REQUIRED ACTION: The full set of records must be set down verbatim.
***
lemma nn_integral_minus_ln_unit_interval: "(\<integral>\<^sup>+ e\<in>{0<..<1}. ennreal (- ln (e::real)) \<partial>lborel) = 1"
proof -
  define F where "F e = e - e * ln e" for e :: real
  have "((\<lambda>e. e * ln e) \<longlongrightarrow> 0) (at_right (0::real))"
    by real_asymp
  then have "((\<lambda>e. e - e * ln e) \<longlongrightarrow> 0 - 0) (at_right (0::real))"
    by (intro tendsto_intros)
  then have F0: "((F \<circ> real_of_ereal) \<longlongrightarrow> 0) (at_right 0)"
    unfolding zero_ereal_def ereal_tendsto_simps F_def by simp
  have F1: "((F \<circ> real_of_ereal) \<longlongrightarrow> 1) (at_left 1)"
    unfolding one_ereal_def ereal_tendsto_simps F_def by (auto intro!: tendsto_eq_intros)
  have deriv: "DERIV F e :> - ln e" if "0 < ereal e" "ereal e < 1" for e
    using that unfolding F_def by (auto intro!: derivative_eq_intros)
  have cont: "isCont (\<lambda>e. - ln e) e" if "0 < ereal e" "ereal e < 1" for e
    using that by (auto intro!: continuous_intros)
  have nonneg: "AE e in lborel. 0 < ereal e \<longrightarrow> ereal e < 1 \<longrightarrow> 0 \<le> - ln e"
    by auto
  have "(0::ereal) < 1"
    by simp
  from interval_integral_FTC_nonneg[OF this deriv cont nonneg F0 F1]
  have FTC: "set_integrable lborel (einterval 0 1) (\<lambda>e. - ln e)" "(LBINT e=0..1. - ln e) = 1"
    by simp_all
  have unit: "einterval 0 1 = {0<..<1::real}"
    by (metis einterval_eq_Icc zero_ereal_def one_ereal_def)
  have int: "set_integrable lborel {0<..<1} (\<lambda>e::real. - ln e)"
    using FTC(1) unfolding unit .
  have val: "(LINT e:{0<..<1}|lborel. - ln (e::real)) = 1"
    using FTC(2) unfolding interval_lebesgue_integral_def unit by simp
  have "(\<integral>\<^sup>+ e\<in>{0<..<1}. ennreal (- ln e) \<partial>lborel)
      = (\<integral>\<^sup>+ e. ennreal (indicator {0<..<1} e *\<^sub>R - ln e) \<partial>lborel)"
    by (intro nn_integral_cong) (auto split: split_indicator)
  also have "\<dots> = ennreal (LINT e:{0<..<1}|lborel. - ln e)"
    using int unfolding set_integrable_def set_lebesgue_integral_def
    by (intro nn_integral_eq_integral) (auto split: split_indicator)
  finally show ?thesis
    using val by simp
qed

lemma Phi_le_of_covnum_powr:
  fixes A p :: real
  assumes diam: "diam_loss L H \<le> 1" and A: "1 \<le> A" and p: "0 \<le> p"
    and cov: "\<And>e. 0 < e \<Longrightarrow> e \<le> 1 \<Longrightarrow> covnum L H H e \<le> ereal ((A / e) powr p)"
  shows "Phi L H H \<le> ennreal (p * (log 2 A + 1 / ln 2))"
proof -
  define a b where "a = p * log 2 A" and "b = p / ln 2"
  have a: "0 \<le> a" and b: "0 \<le> b"
    using A p by (simp_all add: a_def b_def)
  have pointwise: "log2_ext (covnum L H H e) \<le> ennreal a + ennreal b * ennreal (- ln e)"
    if "0 < e" "e < 1" for e
  proof -
    have l: "0 \<le> - ln e"
      using that by simp
    have "log2_ext (covnum L H H e) \<le> log2_ext (ereal ((A / e) powr p))"
      using that by (intro log2_ext_mono cov covnum_nonneg) auto
    also have "\<dots> = ennreal (a + b * (- ln e))"
      using that A by (simp add: a_def b_def log_powr log_def ln_div field_simps)
    also have "\<dots> = ennreal a + ennreal b * ennreal (- ln e)"
      using ennreal_plus[OF a mult_nonneg_nonneg[OF b l]] by (simp only: ennreal_mult[OF b l])
    finally show ?thesis .
  qed
  have "AE e in lborel. e \<noteq> 0 \<and> e \<noteq> 1"
    using AE_lborel_singleton[of 0] AE_lborel_singleton[of 1] by eventually_elim simp
  then have "Phi L H H \<le> (\<integral>\<^sup>+ e\<in>{0<..<1}. ennreal a + ennreal b * ennreal (- ln e) \<partial>lborel)"
    unfolding Phi_def
  proof (rule nn_integral_mono_AE[OF AE_mp], intro AE_I2 impI)
    fix e :: real assume e: "e \<noteq> 0 \<and> e \<noteq> 1"
    show "log2_ext (covnum L H H e) * indicator {e. 0 \<le> e \<and> ereal e \<le> diam_loss L H} e
        \<le> (ennreal a + ennreal b * ennreal (- ln e)) * indicator {0<..<1} e"
    proof (cases "0 \<le> e \<and> ereal e \<le> diam_loss L H")
      case True
      then have "0 < e" "e < 1"
        using e diam by (auto dest: order_trans)
      then show ?thesis
        using True pointwise by simp
    qed simp
  qed
  also have "\<dots> = ennreal a * (\<integral>\<^sup>+ e. indicator {0<..<1::real} e \<partial>lborel)
      + ennreal b * (\<integral>\<^sup>+ e\<in>{0<..<1}. ennreal (- ln e) \<partial>lborel)"
    by (subst nn_integral_cmult[symmetric], measurable)+
      (auto simp: distrib_right mult.assoc intro!: nn_integral_add)
  also have "\<dots> = ennreal (a + b)"
    using a b by (simp add: nn_integral_minus_ln_unit_interval ennreal_plus)
  finally show ?thesis
    by (simp add: a_def b_def algebra_simps)
qed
***
ANSWER TO THIS PROBLEM:
lemma nn_integral_minus_ln_unit_interval: "(\<integral>\<^sup>+ e\<in>{0<..<1}. ennreal (- ln (e::real)) \<partial>lborel) = 1"
proof -
  define F where "F e = e - e * ln e" for e :: real
  have "((\<lambda>e. e * ln e) \<longlongrightarrow> 0) (at_right (0::real))"
    by real_asymp
  then have "((\<lambda>e. e - e * ln e) \<longlongrightarrow> 0 - 0) (at_right (0::real))"
    by (intro tendsto_intros)
  then have F0: "((F \<circ> real_of_ereal) \<longlongrightarrow> 0) (at_right 0)"
    unfolding zero_ereal_def ereal_tendsto_simps F_def by simp
  have F1: "((F \<circ> real_of_ereal) \<longlongrightarrow> 1) (at_left 1)"
    unfolding one_ereal_def ereal_tendsto_simps F_def by (auto intro!: tendsto_eq_intros)
  have deriv: "DERIV F e :> - ln e" if "0 < ereal e" "ereal e < 1" for e
    using that unfolding F_def by (auto intro!: derivative_eq_intros)
  have cont: "isCont (\<lambda>e. - ln e) e" if "0 < ereal e" "ereal e < 1" for e
    using that by (auto intro!: continuous_intros)
  have nonneg: "AE e in lborel. 0 < ereal e \<longrightarrow> ereal e < 1 \<longrightarrow> 0 \<le> - ln e"
    by auto
  have "(0::ereal) < 1"
    by simp
  from interval_integral_FTC_nonneg[OF this deriv cont nonneg F0 F1]
  have FTC: "set_integrable lborel (einterval 0 1) (\<lambda>e. - ln e)" "(LBINT e=0..1. - ln e) = 1"
    by simp_all
  have unit: "einterval 0 1 = {0<..<1::real}"
    by (metis einterval_eq_Icc zero_ereal_def one_ereal_def)
  have int: "set_integrable lborel {0<..<1} (\<lambda>e::real. - ln e)"
    using FTC(1) unfolding unit .
  have val: "(LINT e:{0<..<1}|lborel. - ln (e::real)) = 1"
    using FTC(2) unfolding interval_lebesgue_integral_def unit by simp
  have "(\<integral>\<^sup>+ e\<in>{0<..<1}. ennreal (- ln e) \<partial>lborel)
      = (\<integral>\<^sup>+ e. ennreal (indicator {0<..<1} e *\<^sub>R - ln e) \<partial>lborel)"
    by (intro nn_integral_cong) (auto split: split_indicator)
  also have "\<dots> = ennreal (LINT e:{0<..<1}|lborel. - ln e)"
    using int unfolding set_integrable_def set_lebesgue_integral_def
    by (intro nn_integral_eq_integral) (auto split: split_indicator)
  finally show ?thesis
    using val by simp
qed

lemma Phi_le_of_covnum_powr:
  fixes A p :: real
  assumes diam: "diam_loss L H \<le> 1" and A: "1 \<le> A" and p: "0 \<le> p"
    and cov: "\<And>e. 0 < e \<Longrightarrow> e \<le> 1 \<Longrightarrow> covnum L H H e \<le> ereal ((A / e) powr p)"
  shows "Phi L H H \<le> ennreal (p * (log 2 A + 1 / ln 2))"
proof -
  define a b where "a = p * log 2 A" and "b = p / ln 2"
  have a: "0 \<le> a" and b: "0 \<le> b"
    using A p by (simp_all add: a_def b_def)
  have pointwise: "log2_ext (covnum L H H e) \<le> ennreal a + ennreal b * ennreal (- ln e)"
    if "0 < e" "e < 1" for e
  proof -
    have l: "0 \<le> - ln e"
      using that by simp
    have "log2_ext (covnum L H H e) \<le> log2_ext (ereal ((A / e) powr p))"
      using that by (intro log2_ext_mono cov covnum_nonneg) auto
    also have "\<dots> = ennreal (a + b * (- ln e))"
      using that A by (simp add: a_def b_def log_powr log_def ln_div field_simps)
    also have "\<dots> = ennreal a + ennreal b * ennreal (- ln e)"
      using ennreal_plus[OF a mult_nonneg_nonneg[OF b l]] by (simp only: ennreal_mult[OF b l])
    finally show ?thesis .
  qed
  have "AE e in lborel. e \<noteq> 0 \<and> e \<noteq> 1"
    using AE_lborel_singleton[of 0] AE_lborel_singleton[of 1] by eventually_elim simp
  then have "Phi L H H \<le> (\<integral>\<^sup>+ e\<in>{0<..<1}. ennreal a + ennreal b * ennreal (- ln e) \<partial>lborel)"
    unfolding Phi_def
  proof (rule nn_integral_mono_AE[OF AE_mp], intro AE_I2 impI)
    fix e :: real assume e: "e \<noteq> 0 \<and> e \<noteq> 1"
    show "log2_ext (covnum L H H e) * indicator {e. 0 \<le> e \<and> ereal e \<le> diam_loss L H} e
        \<le> (ennreal a + ennreal b * ennreal (- ln e)) * indicator {0<..<1} e"
    proof (cases "0 \<le> e \<and> ereal e \<le> diam_loss L H")
      case True
      then have "0 < e" "e < 1"
        using e diam by (auto dest: order_trans)
      then show ?thesis
        using True pointwise by simp
    qed simp
  qed
  also have "\<dots> = ennreal a * (\<integral>\<^sup>+ e. indicator {0<..<1::real} e \<partial>lborel)
      + ennreal b * (\<integral>\<^sup>+ e\<in>{0<..<1}. ennreal (- ln e) \<partial>lborel)"
    by (subst nn_integral_cmult[symmetric], measurable)+
      (auto simp: distrib_right mult.assoc intro!: nn_integral_add)
  also have "\<dots> = ennreal (a + b)"
    using a b by (simp add: nn_integral_minus_ln_unit_interval ennreal_plus)
  finally show ?thesis
    by (simp add: a_def b_def algebra_simps)
qed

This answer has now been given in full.